**WHAT IS REQUIRED:**
Look through the material below. Copy each line that contains the string "subst".

**PROVIDED RECORDS:**
·····
lemma prob_good_event_given_orthogonal:
  assumes U: "Defs.orthogonal_mat n U" and n: "n \<ge> 2" and k: "k > 0"
    and card: "\<And>t. t \<in> {2..r+2} \<Longrightarrow> card (eigen_indices \<epsilon> r k n t) = k"
  shows "1 - failure_prob_bound n r s k
    \<le> measure (gauss_meas s n) {G \<in> space (gauss_meas s n). good_event \<epsilon> n r s k U G}"
proof -
  interpret P: prob_space "gauss_meas s n" by (rule prob_space_gauss_meas)
  let ?S = "space (gauss_meas s n)"
  let ?E = "eigen_indices \<epsilon> r k n"
  define Bad1 where "Bad1 = (\<Union>j<s. {G \<in> ?S. 25 * ln (real n) \<le> (gdotu n U G j 0)\<^sup>2})"
  define Bad2 where "Bad2 = (\<Union>j<s. \<Union>t\<in>{2..r+2}.
    {G \<in> ?S. 9 * (real k)\<^sup>2 / 16 \<le> (proj_inner n U (?E t) G j j - k)\<^sup>2})"
  define Bad3 where "Bad3 = {G \<in> ?S. (real k)\<^sup>2 / 64 \<le>
      (\<Sum>t\<in>{2..r+2}. \<Sum>j<s. \<Sum>l\<in>{..<s}-{j}. (proj_inner n U (?E t) G j l)\<^sup>2)}"
  have [measurable]: "Bad1 \<in> sets (gauss_meas s n)" "Bad2 \<in> sets (gauss_meas s n)"
    "Bad3 \<in> sets (gauss_meas s n)"
    unfolding Bad1_def Bad2_def Bad3_def by measurable
  have "P.prob Bad1 \<le> real s * sqrt 2 * exp (- (25 * ln (real n)) / 4)"
    unfolding Bad1_def using n by (intro prob_exists_gdotu_square_ge[OF _ U]) auto
  moreover have "P.prob Bad2 \<le> real s * (real r + 1) * 32 / (9 * real k)"
  proof -
    have "P.prob Bad2 \<le> real s * card {2..r+2} * (2 * real k / (9 * (real k)\<^sup>2 / 16))"
      unfolding Bad2_def by (rule prob_exists_proj_inner_diag_far[OF U]) (use card k in auto)
    also have "\<dots> = real s * (real r + 1) * 32 / (9 * real k)"
      using k by (simp add: power2_eq_square field_simps)
    finally show ?thesis .
  qed
  moreover have "P.prob Bad3 \<le> 64 * (real r + 1) * (real s)\<^sup>2 / real k"
  proof -
    have "P.prob Bad3 \<le> card {2..r+2} * s * s * k / ((real k)\<^sup>2 / 64)"
      unfolding Bad3_def using card k by (intro prob_offdiag_sum_ge[OF U]) auto
    also have "\<dots> = 64 * (real r + 1) * (real s)\<^sup>2 / real k"
      using k by (simp add: power2_eq_square field_simps)
    finally show ?thesis .
  qed
  moreover have "P.prob (Bad1 \<union> Bad2 \<union> Bad3) \<le> P.prob Bad1 + P.prob Bad2 + P.prob Bad3"
    by (intro order_trans[OF measure_Un_le] add_mono measure_Un_le) auto
  ultimately have "P.prob (Bad1 \<union> Bad2 \<union> Bad3) \<le> failure_prob_bound n r s k"
    unfolding failure_prob_bound_def by linarith
  then have "1 - failure_prob_bound n r s k \<le> P.prob (?S - (Bad1 \<union> Bad2 \<union> Bad3))"
    by (subst P.prob_compl) auto
  also have "\<dots> \<le> P.prob {G \<in> ?S. good_event \<epsilon> n r s k U G}"
  proof (rule P.finite_measure_mono)
    show "?S - (Bad1 \<union> Bad2 \<union> Bad3) \<subseteq> {G \<in> ?S. good_event \<epsilon> n r s k U G}"
      by (auto intro!: good_event_if_statistics_close[OF U k] simp: Bad1_def Bad2_def Bad3_def not_le)
    show "{G \<in> ?S. good_event \<epsilon> n r s k U G} \<in> sets (gauss_meas s n)"
      using sets_good_event[where M="gauss_meas s n" and Uf="\<lambda>_. U" and Gf="\<lambda>G. G"] by simp
  qed
  finally show ?thesis .
qed

lemma measure_pair_ge_if_AE_sections:
  assumes M: "prob_space M" and N: "prob_space N"
    and A: "{\<omega> \<in> space (M \<Otimes>\<^sub>M N). P (fst \<omega>) (snd \<omega>)} \<in> sets (M \<Otimes>\<^sub>M N)"
    and AE: "AE x in M. p \<le> measure N {y \<in> space N. P x y}"
  shows "p \<le> measure (M \<Otimes>\<^sub>M N) {\<omega> \<in> space (M \<Otimes>\<^sub>M N). P (fst \<omega>) (snd \<omega>)}"
    (is "_ \<le> measure _ ?A")
proof -
  interpret M: prob_space M by (rule M)
  interpret N: prob_space N by (rule N)
  interpret MN: prob_space "M \<Otimes>\<^sub>M N" by (rule prob_space_pair) unfold_locales
  have "AE x in M. ennreal p \<le> emeasure N (Pair x -` ?A)"
  proof (rule AE_mp[OF AE], rule AE_I2, rule impI)
    fix x assume "x \<in> space M" and p: "p \<le> measure N {y \<in> space N. P x y}"
    then have "Pair x -` ?A = {y \<in> space N. P x y}" by (auto simp: space_pair_measure)
    then show "ennreal p \<le> emeasure N (Pair x -` ?A)"
      using p N.emeasure_eq_measure by (simp add: ennreal_leI)
  qed
  then have "(\<integral>\<^sup>+x. ennreal p \<partial>M) \<le> (\<integral>\<^sup>+x. emeasure N (Pair x -` ?A) \<partial>M)"
    by (rule nn_integral_mono_AE)
  also have "\<dots> = emeasure (M \<Otimes>\<^sub>M N) ?A"
    by (rule N.emeasure_pair_measure_alt[OF A, symmetric])
  finally have "ennreal p \<le> ennreal (measure (M \<Otimes>\<^sub>M N) ?A)"
    by (simp add: M.emeasure_space_1 MN.emeasure_eq_measure)
  then show ?thesis by (cases "p \<ge> 0") (auto simp: ennreal_le_iff)
qed

section \<open>Choice of parameters\<close>

lemma hard_instance_parameters:
  assumes c: "c > 0" and \<epsilon>: "0 < \<epsilon>" "\<epsilon> < 1/2" and n: "real n \<ge> \<epsilon> powr (-2.01)"
    and r: "real r = c * ln (real n) / sqrt \<epsilon>" and k: "real n - 1 = real k * (real r + 1)"
    and kr: "k \<ge> 100 * r"
  shows "n \<ge> 4" "r \<ge> 1" "k > 0" "n = k * (r + 1) + 1"
proof -
  have "(2::real) powr 2 \<le> 2 powr 2.01" by (intro powr_mono) auto
  also have "\<dots> \<le> (1/\<epsilon>) powr 2.01" using \<epsilon> by (intro powr_mono2) (auto simp: field_simps)
  also have "\<dots> = \<epsilon> powr (-2.01)" using \<epsilon> by (simp add: powr_minus_divide powr_divide)
  finally show n4: "n \<ge> 4" using n by simp
  then have "real r > 0" unfolding r using c \<epsilon> by simp
  then show r1: "r \<ge> 1" by simp
  then show "k > 0" using kr by simp
  have "real n = real (k * (r + 1) + 1)" using k by (simp add: algebra_simps)
  then show "n = k * (r + 1) + 1" by (simp only: of_nat_eq_iff)
qed

text \<open>The slack between \<open>\<epsilon> powr -2\<close> and \<open>\<epsilon> powr -2.01\<close> absorbs \<open>ln\<^sup>4 n \<le> 804\<^sup>4 n powr (1/201)\<close>.\<close>
lemma hard_instance_r_pow4_le:
  assumes c: "0 < c" "c \<le> 1/100000" and \<epsilon>: "0 < \<epsilon>" and n: "real n \<ge> \<epsilon> powr (-2.01)" "n \<ge> 4"
    and r: "real r = c * ln (real n) / sqrt \<epsilon>"
  shows "(real r)^4 \<le> real n / 10^8"
proof -
  define L where "L = ln (real n)"
  have L: "L > 0" unfolding L_def using n(2) by simp
  have "\<epsilon> powr 2 = \<epsilon>\<^sup>2" using \<epsilon> by (simp only: powr_numeral less_imp_le)
  then have "1 / \<epsilon>\<^sup>2 = \<epsilon> powr (-2)" by (simp add: powr_minus inverse_eq_divide)
  also have "\<dots> = (\<epsilon> powr (-2.01)) powr (200/201)" by (simp add: powr_powr)
  also have "\<dots> \<le> real n powr (200/201)" using n \<epsilon> by (intro powr_mono2) auto
  finally have eps: "1 / \<epsilon>\<^sup>2 \<le> real n powr (200/201)" .
  have "L / 804 = ln (real n powr (1/804))" unfolding L_def using n(2) by (simp add: ln_powr)
  also have "\<dots> \<le> real n powr (1/804) - 1" using n(2) by (intro ln_le_minus_one) simp
  finally have "L \<le> 804 * real n powr (1/804)" by simp
  then have "L^4 \<le> (804 * real n powr (1/804))^4" using L by (intro power_mono) auto
  also have "\<dots> = 804^4 * real n powr (1/201)"
    using n(2) by (simp add: power_mult_distrib powr_power)
  finally have log: "L^4 \<le> 804^4 * real n powr (1/201)" .
  have "(sqrt \<epsilon>)^4 = ((sqrt \<epsilon>)\<^sup>2)\<^sup>2" by (simp flip: power_mult)
  then have "(sqrt \<epsilon>)^4 = \<epsilon>\<^sup>2" using \<epsilon> by simp
  then have "(real r)^4 = c^4 * L^4 * (1 / \<epsilon>\<^sup>2)"
    unfolding r L_def by (simp add: power_divide power_mult_distrib)
  also have "\<dots> \<le> c^4 * (804^4 * real n powr (1/201)) * real n powr (200/201)"
    using log eps c L by (intro mult_mono) auto
  also have "\<dots> = (804 * c)^4 * real n"
    using n(2) by (simp add: power_mult_distrib powr_add[symmetric])
  also have "\<dots> \<le> (804 / 100000)^4 * real n" using c by (intro mult_right_mono power_mono) auto
  also have "\<dots> \<le> real n / 10^8" by (simp add: power4_eq_xxxx)
  finally show ?thesis .
qed

lemma failure_prob_bound_le:
  assumes n: "n \<ge> 4" and r: "r \<ge> 1" and k: "k > 0" and nk: "n = k * (r + 1) + 1"
    and r4: "(real r)^4 \<le> real n / 10^8"
  shows "failure_prob_bound n r r k \<le> 1/10"
proof -
  define \<rho> where "\<rho> = real r"
  have \<rho>: "\<rho> \<ge> 1" using r by (simp add: \<rho>_def)
  have n1: "real n - 1 > 0" using n by simp
  have "exp (- (25 * ln (real n)) / 4) \<le> exp (- (real 6 * ln (real n)))" using n by simp
  also have "\<dots> = inverse (real n ^ 6)" unfolding exp_minus exp_of_nat_mult using n by simp
  finally have tail: "exp (- (25 * ln (real n)) / 4) \<le> inverse (real n ^ 6)" .
  have "r \<le> n" using nk k by (cases k) auto
  then have "\<rho> * sqrt 2 * exp (- (25 * ln (real n)) / 4) \<le> real n * 2 * inverse (real n ^ 6)"
    using tail real_sqrt_le_mono[of 2 4] unfolding \<rho>_def by (intro mult_mono) auto
  also have "\<dots> = 2 / real n ^ 5" using n by (simp add: field_simps power_eq_if)
  also have "\<dots> \<le> 2 / 4 ^ 5" using n by (intro divide_left_mono power_mono) auto
  finally have gaussian_tail: "\<rho> * sqrt 2 * exp (- (25 * ln (real n)) / 4) \<le> 1/100" by simp
  have nk': "real n - 1 = real k * (\<rho> + 1)" using nk unfolding \<rho>_def by (simp add: algebra_simps)
  have "\<rho> + 1 \<noteq> 0" using \<rho> by simp
  then have inv_k: "1 / real k = (\<rho> + 1) / (real n - 1)" unfolding nk' by simp
  have "\<rho> * (\<rho> + 1) * 32 / (9 * real k) + 64 * (\<rho> + 1) * \<rho>\<^sup>2 / real k =
      \<rho> * (\<rho> + 1)^2 * (32/9 + 64 * \<rho>) / (real n - 1)"
    using inv_k k by (simp add: field_simps power2_eq_square)
  also have "\<dots> \<le> \<rho> * (4 * \<rho>^2) * (68 * \<rho>) / (real n - 1)"
  proof -
    have "(\<rho> + 1)^2 \<le> (2 * \<rho>)^2" using \<rho> by (intro power_mono) auto
    then show ?thesis using \<rho> n1 by (intro divide_right_mono mult_mono) (auto simp: power_mult_distrib)
  qed
  also have "\<dots> = 272 * \<rho>^4 / (real n - 1)" by (simp add: power2_eq_square power4_eq_xxxx)
  also have "\<dots> \<le> 272 * (2 * (real n - 1) / 10^8) / (real n - 1)"
    using r4 n n1 unfolding \<rho>_def by (intro divide_right_mono) auto
  also have "\<dots> \<le> 1/100" using n1 by simp
  finally have "\<rho> * (\<rho> + 1) * 32 / (9 * real k) + 64 * (\<rho> + 1) * \<rho>\<^sup>2 / real k \<le> 1/100" .
  with gaussian_tail show ?thesis unfolding failure_prob_bound_def \<rho>_def by linarith
qed

lemma good_event_prob_ge_given_haar:
  assumes \<mu>: "haar_orthogonal n \<mu>" and n: "n \<ge> 2" and k: "k > 0"
    and card: "\<And>t. t \<in> {2..r+2} \<Longrightarrow> card (eigen_indices \<epsilon> r k n t) = k"
  shows "1 - failure_prob_bound n r s k \<le> measure (\<mu> \<Otimes>\<^sub>M gauss_meas s n)
    {\<omega> \<in> space (\<mu> \<Otimes>\<^sub>M gauss_meas s n). good_event \<epsilon> n r s k (fst \<omega>) (snd \<omega>)}"
proof (rule measure_pair_ge_if_AE_sections)
  from \<mu> have sets_\<mu>: "sets \<mu> = sets (mat_space n)" and "prob_space \<mu>"
    and orthogonal: "AE U in \<mu>. Defs.orthogonal_mat n U" unfolding haar_orthogonal_def by auto
  show "prob_space \<mu>" "prob_space (gauss_meas s n)" by fact (rule prob_space_gauss_meas)
  have [measurable]: "(\<lambda>U. U x) \<in> borel_measurable \<mu>" for x
    by (subst measurable_cong_sets[OF sets_\<mu> refl]) (rule mat_space_apply_measurable)
  show "{\<omega> \<in> space (\<mu> \<Otimes>\<^sub>M gauss_meas s n). good_event \<epsilon> n r s k (fst \<omega>) (snd \<omega>)}
      \<in> sets (\<mu> \<Otimes>\<^sub>M gauss_meas s n)"
    by (rule sets_good_event) auto
  show "AE U in \<mu>. 1 - failure_prob_bound n r s k
      \<le> measure (gauss_meas s n) {G \<in> space (gauss_meas s n). good_event \<epsilon> n r s k U G}"
    using orthogonal by eventually_elim (rule prob_good_event_given_orthogonal[OF _ n k card])
qed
·····
**SOLUTION TO THE PROBLEM:**
    by (subst P.prob_compl) auto
    by (subst measurable_cong_sets[OF sets_\<mu> refl]) (rule mat_space_apply_measurable)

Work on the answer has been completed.